RECORDS SUPPLIED: Begin

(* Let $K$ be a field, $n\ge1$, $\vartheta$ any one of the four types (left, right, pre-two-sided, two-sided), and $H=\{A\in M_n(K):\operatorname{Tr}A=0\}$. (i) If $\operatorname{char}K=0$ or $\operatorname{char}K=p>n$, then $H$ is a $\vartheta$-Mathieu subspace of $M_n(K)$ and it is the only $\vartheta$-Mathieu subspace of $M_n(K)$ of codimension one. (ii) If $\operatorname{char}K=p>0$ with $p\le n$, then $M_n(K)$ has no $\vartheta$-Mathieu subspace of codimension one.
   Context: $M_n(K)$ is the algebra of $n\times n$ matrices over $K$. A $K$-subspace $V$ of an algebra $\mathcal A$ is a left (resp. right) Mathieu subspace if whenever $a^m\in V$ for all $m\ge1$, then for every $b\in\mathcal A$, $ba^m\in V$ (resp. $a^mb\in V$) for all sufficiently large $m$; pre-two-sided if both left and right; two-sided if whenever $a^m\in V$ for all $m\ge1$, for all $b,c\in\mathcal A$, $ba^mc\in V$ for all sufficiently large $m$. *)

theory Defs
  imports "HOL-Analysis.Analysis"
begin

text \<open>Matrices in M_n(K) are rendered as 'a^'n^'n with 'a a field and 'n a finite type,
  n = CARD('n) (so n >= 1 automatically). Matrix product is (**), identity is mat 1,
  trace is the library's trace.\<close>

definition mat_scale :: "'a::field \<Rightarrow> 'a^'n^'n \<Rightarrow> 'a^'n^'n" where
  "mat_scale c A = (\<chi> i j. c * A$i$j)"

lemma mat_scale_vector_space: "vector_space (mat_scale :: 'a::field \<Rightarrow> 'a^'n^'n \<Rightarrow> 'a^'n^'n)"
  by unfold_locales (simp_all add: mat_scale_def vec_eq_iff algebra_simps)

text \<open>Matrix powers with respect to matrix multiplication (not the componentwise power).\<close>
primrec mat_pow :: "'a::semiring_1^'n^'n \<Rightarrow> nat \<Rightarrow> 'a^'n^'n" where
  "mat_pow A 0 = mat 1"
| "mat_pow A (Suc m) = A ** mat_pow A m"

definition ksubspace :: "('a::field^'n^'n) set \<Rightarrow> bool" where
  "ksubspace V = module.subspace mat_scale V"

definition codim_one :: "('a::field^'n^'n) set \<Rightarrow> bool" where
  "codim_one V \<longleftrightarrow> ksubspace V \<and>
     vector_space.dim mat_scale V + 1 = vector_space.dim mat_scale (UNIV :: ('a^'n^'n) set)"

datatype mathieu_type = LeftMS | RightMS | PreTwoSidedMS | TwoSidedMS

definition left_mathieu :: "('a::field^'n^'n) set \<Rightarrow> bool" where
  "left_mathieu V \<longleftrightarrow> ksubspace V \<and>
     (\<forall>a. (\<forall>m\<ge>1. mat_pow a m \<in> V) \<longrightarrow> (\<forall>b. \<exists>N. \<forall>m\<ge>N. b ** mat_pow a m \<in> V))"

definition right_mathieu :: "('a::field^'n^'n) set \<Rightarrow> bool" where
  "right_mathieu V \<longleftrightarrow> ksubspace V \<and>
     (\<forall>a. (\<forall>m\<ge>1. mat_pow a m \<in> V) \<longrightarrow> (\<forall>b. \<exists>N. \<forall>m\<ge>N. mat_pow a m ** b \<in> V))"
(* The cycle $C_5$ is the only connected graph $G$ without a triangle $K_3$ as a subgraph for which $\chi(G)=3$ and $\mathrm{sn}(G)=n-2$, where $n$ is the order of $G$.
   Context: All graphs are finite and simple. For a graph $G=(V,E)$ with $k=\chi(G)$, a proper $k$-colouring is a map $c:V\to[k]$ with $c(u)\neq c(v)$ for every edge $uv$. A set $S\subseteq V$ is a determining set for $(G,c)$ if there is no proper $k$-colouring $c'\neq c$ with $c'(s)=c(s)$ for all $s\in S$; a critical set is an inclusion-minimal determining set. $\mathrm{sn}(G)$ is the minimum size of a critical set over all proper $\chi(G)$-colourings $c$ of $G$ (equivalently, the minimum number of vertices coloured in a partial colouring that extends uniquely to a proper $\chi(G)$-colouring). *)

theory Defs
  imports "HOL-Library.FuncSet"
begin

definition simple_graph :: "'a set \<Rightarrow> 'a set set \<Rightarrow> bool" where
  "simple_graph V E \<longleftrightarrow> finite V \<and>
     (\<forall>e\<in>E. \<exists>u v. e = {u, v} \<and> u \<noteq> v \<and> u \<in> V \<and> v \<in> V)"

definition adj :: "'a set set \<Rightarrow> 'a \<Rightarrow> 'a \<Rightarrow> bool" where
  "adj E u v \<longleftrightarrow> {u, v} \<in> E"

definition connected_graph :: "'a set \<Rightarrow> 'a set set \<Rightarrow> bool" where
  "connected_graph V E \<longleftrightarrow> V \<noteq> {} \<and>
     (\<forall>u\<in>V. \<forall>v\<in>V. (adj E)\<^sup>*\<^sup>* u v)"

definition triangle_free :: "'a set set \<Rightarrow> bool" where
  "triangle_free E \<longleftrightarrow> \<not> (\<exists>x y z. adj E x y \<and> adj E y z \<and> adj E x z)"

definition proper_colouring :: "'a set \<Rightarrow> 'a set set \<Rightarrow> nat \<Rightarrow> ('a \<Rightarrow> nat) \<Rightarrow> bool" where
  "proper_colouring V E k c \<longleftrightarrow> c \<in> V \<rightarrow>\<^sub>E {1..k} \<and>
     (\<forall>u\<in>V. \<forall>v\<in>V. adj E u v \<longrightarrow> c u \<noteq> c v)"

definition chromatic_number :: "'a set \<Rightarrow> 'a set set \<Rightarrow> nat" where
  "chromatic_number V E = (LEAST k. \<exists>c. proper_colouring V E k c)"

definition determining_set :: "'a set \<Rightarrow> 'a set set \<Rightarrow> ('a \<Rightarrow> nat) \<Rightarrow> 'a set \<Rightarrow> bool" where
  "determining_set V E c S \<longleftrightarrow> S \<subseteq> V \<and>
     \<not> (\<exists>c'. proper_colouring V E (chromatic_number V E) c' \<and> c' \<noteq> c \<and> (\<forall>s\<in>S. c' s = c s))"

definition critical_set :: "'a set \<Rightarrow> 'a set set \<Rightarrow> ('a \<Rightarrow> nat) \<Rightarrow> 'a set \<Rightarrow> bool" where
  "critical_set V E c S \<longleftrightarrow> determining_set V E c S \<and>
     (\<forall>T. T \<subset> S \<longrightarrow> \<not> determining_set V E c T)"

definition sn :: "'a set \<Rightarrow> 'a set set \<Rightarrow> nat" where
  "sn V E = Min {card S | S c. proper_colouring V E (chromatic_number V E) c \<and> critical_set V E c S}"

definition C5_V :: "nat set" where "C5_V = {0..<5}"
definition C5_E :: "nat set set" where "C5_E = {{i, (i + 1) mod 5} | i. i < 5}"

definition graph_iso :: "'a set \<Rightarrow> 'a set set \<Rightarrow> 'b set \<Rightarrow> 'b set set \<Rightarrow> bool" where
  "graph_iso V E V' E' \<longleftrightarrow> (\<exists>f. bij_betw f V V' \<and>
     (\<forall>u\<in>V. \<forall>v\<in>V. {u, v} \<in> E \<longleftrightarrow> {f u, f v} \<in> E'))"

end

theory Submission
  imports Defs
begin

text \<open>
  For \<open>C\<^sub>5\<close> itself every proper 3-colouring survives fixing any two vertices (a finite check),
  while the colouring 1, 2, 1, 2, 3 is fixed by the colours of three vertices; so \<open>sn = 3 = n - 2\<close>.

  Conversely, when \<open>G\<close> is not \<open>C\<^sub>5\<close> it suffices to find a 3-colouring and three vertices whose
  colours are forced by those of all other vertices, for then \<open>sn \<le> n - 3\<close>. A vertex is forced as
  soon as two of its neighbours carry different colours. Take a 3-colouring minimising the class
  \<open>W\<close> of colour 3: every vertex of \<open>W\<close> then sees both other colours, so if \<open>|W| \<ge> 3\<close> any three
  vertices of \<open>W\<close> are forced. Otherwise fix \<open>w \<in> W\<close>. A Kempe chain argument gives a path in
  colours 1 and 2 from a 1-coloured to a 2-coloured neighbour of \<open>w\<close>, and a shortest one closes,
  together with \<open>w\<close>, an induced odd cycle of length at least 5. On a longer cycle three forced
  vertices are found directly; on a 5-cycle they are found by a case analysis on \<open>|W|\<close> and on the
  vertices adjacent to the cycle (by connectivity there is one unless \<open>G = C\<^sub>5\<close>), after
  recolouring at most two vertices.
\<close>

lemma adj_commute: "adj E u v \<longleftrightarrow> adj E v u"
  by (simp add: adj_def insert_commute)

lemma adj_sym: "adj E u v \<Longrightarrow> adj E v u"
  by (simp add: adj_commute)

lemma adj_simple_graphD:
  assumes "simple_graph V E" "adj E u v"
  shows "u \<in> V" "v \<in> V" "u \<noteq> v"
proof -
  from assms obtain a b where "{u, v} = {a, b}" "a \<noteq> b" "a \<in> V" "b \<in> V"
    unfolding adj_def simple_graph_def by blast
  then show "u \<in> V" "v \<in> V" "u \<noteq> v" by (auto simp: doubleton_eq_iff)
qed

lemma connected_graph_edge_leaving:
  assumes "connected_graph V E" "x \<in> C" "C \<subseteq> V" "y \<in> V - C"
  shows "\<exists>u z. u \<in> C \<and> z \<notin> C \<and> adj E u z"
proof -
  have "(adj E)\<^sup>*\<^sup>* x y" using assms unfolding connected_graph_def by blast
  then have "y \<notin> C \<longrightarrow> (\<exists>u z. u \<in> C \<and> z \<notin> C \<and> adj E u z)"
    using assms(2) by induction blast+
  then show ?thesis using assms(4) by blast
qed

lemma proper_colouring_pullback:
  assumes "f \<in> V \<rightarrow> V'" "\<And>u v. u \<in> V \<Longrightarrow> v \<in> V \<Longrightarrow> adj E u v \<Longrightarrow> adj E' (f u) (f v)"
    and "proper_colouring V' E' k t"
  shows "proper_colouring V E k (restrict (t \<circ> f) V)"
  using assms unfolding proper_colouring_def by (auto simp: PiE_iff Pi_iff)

RECORDS SUPPLIED: End

▸ WHAT IS NEEDED: Please copy exactly the lines from the first line of the records above through the line containing "A ** mat_pow", including both, and nothing more.

▸ SOLUTION TO THIS EXERCISE:
(* Let $K$ be a field, $n\ge1$, $\vartheta$ any one of the four types (left, right, pre-two-sided, two-sided), and $H=\{A\in M_n(K):\operatorname{Tr}A=0\}$. (i) If $\operatorname{char}K=0$ or $\operatorname{char}K=p>n$, then $H$ is a $\vartheta$-Mathieu subspace of $M_n(K)$ and it is the only $\vartheta$-Mathieu subspace of $M_n(K)$ of codimension one. (ii) If $\operatorname{char}K=p>0$ with $p\le n$, then $M_n(K)$ has no $\vartheta$-Mathieu subspace of codimension one.
   Context: $M_n(K)$ is the algebra of $n\times n$ matrices over $K$. A $K$-subspace $V$ of an algebra $\mathcal A$ is a left (resp. right) Mathieu subspace if whenever $a^m\in V$ for all $m\ge1$, then for every $b\in\mathcal A$, $ba^m\in V$ (resp. $a^mb\in V$) for all sufficiently large $m$; pre-two-sided if both left and right; two-sided if whenever $a^m\in V$ for all $m\ge1$, for all $b,c\in\mathcal A$, $ba^mc\in V$ for all sufficiently large $m$. *)

theory Defs
  imports "HOL-Analysis.Analysis"
begin

text \<open>Matrices in M_n(K) are rendered as 'a^'n^'n with 'a a field and 'n a finite type,
  n = CARD('n) (so n >= 1 automatically). Matrix product is (**), identity is mat 1,
  trace is the library's trace.\<close>

definition mat_scale :: "'a::field \<Rightarrow> 'a^'n^'n \<Rightarrow> 'a^'n^'n" where
  "mat_scale c A = (\<chi> i j. c * A$i$j)"

lemma mat_scale_vector_space: "vector_space (mat_scale :: 'a::field \<Rightarrow> 'a^'n^'n \<Rightarrow> 'a^'n^'n)"
  by unfold_locales (simp_all add: mat_scale_def vec_eq_iff algebra_simps)

text \<open>Matrix powers with respect to matrix multiplication (not the componentwise power).\<close>
primrec mat_pow :: "'a::semiring_1^'n^'n \<Rightarrow> nat \<Rightarrow> 'a^'n^'n" where
  "mat_pow A 0 = mat 1"
| "mat_pow A (Suc m) = A ** mat_pow A m"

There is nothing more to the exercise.